**Work order**
Starting with the line that contains "proof (induction n arbitrary: p)", reproduce each line through the end of the entries exactly as written.

Dataset entries
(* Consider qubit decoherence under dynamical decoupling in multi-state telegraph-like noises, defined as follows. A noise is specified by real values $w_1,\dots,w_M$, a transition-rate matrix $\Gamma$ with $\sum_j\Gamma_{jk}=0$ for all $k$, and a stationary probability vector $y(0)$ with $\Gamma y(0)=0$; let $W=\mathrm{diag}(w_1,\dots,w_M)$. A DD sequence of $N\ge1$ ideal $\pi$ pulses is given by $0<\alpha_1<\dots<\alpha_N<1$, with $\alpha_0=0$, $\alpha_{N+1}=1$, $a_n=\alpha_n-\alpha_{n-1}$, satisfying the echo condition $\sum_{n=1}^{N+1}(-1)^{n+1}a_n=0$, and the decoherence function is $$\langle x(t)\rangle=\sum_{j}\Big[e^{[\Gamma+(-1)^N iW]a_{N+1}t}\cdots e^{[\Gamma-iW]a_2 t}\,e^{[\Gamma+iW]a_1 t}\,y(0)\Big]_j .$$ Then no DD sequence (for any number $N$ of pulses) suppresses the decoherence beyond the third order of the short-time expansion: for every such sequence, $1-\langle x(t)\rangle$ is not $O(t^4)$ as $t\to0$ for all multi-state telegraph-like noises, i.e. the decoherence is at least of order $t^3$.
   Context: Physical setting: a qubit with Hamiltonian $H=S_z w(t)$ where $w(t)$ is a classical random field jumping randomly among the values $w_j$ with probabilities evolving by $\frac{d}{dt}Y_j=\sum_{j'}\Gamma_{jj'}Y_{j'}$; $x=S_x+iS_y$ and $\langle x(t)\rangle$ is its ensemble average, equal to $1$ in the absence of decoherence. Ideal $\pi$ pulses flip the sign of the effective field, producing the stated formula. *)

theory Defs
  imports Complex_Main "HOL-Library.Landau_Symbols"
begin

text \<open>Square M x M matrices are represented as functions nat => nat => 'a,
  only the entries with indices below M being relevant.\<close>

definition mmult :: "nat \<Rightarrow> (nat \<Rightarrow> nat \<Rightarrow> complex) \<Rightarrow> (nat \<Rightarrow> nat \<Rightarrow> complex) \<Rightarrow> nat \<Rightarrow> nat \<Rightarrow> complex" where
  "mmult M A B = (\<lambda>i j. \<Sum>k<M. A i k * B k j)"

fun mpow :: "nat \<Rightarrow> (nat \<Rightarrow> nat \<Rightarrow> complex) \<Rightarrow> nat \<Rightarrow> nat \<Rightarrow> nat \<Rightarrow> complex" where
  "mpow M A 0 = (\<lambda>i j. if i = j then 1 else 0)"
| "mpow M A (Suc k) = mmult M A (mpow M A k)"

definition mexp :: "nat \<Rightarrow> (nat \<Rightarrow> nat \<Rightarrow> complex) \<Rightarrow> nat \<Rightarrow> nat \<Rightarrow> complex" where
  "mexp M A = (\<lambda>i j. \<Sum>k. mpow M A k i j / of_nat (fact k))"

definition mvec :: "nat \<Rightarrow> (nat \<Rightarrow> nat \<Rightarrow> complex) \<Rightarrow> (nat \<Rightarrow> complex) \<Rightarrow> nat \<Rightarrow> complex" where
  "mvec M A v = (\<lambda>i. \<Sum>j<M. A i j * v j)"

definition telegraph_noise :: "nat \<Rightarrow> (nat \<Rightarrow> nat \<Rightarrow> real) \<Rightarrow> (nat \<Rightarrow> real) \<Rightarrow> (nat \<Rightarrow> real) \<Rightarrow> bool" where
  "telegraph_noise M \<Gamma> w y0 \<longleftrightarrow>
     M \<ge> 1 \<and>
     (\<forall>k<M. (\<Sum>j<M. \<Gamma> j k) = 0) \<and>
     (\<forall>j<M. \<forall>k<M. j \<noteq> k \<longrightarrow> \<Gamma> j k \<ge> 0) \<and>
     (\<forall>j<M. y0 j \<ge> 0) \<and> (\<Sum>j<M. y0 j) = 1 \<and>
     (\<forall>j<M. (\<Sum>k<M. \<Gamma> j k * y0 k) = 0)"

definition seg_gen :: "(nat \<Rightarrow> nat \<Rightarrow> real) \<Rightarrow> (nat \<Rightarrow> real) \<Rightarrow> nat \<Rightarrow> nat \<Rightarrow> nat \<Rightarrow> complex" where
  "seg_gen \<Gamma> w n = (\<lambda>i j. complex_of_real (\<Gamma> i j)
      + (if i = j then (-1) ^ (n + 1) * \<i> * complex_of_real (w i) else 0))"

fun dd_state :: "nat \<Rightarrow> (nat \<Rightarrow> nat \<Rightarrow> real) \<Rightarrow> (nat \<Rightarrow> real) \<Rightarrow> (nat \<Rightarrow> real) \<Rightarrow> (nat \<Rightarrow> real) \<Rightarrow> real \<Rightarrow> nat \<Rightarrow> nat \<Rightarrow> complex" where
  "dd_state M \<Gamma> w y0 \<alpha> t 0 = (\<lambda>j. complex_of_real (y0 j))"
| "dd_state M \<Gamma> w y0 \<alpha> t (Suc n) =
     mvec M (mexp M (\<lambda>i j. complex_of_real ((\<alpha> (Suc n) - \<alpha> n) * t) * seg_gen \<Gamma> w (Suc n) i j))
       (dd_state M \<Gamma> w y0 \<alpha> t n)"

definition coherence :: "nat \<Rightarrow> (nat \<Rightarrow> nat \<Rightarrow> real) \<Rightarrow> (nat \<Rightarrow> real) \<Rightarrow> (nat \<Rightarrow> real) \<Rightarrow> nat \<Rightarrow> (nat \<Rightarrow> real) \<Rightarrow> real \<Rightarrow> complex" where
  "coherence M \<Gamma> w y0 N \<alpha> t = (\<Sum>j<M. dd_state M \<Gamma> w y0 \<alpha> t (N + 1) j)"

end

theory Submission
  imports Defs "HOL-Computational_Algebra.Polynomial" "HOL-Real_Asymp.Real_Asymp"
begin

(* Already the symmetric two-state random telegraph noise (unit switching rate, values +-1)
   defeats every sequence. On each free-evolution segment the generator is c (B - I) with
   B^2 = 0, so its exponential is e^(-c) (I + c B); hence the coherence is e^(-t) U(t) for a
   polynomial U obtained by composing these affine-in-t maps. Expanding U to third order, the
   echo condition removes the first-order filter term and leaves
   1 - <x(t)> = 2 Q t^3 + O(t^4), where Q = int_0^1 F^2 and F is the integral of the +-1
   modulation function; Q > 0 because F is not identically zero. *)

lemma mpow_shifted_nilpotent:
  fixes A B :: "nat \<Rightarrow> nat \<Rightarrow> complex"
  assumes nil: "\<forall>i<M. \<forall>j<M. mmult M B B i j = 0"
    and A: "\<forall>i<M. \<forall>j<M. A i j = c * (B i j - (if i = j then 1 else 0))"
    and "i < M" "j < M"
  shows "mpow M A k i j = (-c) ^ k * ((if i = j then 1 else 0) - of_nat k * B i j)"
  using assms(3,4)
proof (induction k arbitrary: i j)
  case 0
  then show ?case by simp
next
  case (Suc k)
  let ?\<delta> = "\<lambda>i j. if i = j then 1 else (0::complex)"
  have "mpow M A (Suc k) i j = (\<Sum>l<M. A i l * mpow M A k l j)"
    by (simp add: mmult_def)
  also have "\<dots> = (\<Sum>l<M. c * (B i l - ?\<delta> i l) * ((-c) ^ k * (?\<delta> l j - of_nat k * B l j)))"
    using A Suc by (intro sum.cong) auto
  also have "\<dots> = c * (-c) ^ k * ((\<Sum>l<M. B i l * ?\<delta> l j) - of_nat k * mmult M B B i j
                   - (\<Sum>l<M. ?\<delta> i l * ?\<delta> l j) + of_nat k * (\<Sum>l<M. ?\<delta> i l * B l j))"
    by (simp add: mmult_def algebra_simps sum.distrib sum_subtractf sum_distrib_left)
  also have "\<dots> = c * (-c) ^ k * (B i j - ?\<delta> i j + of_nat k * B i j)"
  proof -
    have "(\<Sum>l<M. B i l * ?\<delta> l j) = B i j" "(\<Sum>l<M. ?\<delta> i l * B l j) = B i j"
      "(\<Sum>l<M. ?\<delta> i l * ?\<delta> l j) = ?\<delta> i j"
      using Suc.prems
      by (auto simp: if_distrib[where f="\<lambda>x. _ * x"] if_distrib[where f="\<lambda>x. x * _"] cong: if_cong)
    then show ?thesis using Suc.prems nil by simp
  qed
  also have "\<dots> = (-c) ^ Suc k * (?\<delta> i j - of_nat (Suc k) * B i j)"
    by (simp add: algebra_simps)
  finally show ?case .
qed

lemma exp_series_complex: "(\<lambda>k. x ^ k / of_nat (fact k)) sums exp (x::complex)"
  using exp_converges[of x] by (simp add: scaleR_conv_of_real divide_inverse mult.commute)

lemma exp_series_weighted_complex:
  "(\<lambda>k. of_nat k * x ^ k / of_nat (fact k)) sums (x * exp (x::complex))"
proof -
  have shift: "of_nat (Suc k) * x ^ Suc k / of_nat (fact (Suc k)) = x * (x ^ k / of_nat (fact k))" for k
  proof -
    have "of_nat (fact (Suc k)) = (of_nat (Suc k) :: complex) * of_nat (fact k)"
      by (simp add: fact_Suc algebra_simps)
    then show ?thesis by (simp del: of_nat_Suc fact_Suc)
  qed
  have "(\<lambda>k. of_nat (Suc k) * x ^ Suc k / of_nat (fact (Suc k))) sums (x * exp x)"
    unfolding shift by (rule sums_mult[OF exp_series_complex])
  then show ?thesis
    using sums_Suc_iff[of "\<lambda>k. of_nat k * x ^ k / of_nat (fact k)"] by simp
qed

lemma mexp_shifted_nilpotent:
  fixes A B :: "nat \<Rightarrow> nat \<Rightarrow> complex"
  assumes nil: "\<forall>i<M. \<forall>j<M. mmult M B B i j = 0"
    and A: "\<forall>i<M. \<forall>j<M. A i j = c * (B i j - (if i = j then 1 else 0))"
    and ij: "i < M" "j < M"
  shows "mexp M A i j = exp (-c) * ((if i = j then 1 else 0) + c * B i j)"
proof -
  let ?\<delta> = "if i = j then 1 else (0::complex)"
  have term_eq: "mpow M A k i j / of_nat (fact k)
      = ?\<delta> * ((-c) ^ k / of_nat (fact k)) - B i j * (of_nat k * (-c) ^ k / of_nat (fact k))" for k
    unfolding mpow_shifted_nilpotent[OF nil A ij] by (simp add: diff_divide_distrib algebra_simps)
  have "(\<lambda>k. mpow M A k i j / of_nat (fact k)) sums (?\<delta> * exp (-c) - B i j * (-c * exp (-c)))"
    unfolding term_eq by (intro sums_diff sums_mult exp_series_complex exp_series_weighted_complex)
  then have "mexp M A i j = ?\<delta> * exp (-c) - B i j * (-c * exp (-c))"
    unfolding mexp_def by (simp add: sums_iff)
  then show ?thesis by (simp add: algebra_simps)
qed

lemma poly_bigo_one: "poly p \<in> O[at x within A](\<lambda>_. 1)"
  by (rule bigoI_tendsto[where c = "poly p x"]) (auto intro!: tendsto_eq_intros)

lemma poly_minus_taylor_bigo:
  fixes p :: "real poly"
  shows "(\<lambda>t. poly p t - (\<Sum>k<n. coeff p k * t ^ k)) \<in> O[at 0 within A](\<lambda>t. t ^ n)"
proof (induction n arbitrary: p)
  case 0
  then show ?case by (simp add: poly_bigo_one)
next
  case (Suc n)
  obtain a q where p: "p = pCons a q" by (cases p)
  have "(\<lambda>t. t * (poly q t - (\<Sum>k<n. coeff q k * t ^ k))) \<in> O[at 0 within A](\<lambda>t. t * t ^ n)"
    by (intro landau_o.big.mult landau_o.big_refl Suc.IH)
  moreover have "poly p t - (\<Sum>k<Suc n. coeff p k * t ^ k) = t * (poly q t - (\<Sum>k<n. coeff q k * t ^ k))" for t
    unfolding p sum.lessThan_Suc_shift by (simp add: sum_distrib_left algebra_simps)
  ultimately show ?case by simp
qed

**Written response**
proof (induction n arbitrary: p)
  case 0
  then show ?case by (simp add: poly_bigo_one)
next
  case (Suc n)
  obtain a q where p: "p = pCons a q" by (cases p)
  have "(\<lambda>t. t * (poly q t - (\<Sum>k<n. coeff q k * t ^ k))) \<in> O[at 0 within A](\<lambda>t. t * t ^ n)"
    by (intro landau_o.big.mult landau_o.big_refl Suc.IH)
  moreover have "poly p t - (\<Sum>k<Suc n. coeff p k * t ^ k) = t * (poly q t - (\<Sum>k<n. coeff q k * t ^ k))" for t
    unfolding p sum.lessThan_Suc_shift by (simp add: sum_distrib_left algebra_simps)
  ultimately show ?case by simp
qed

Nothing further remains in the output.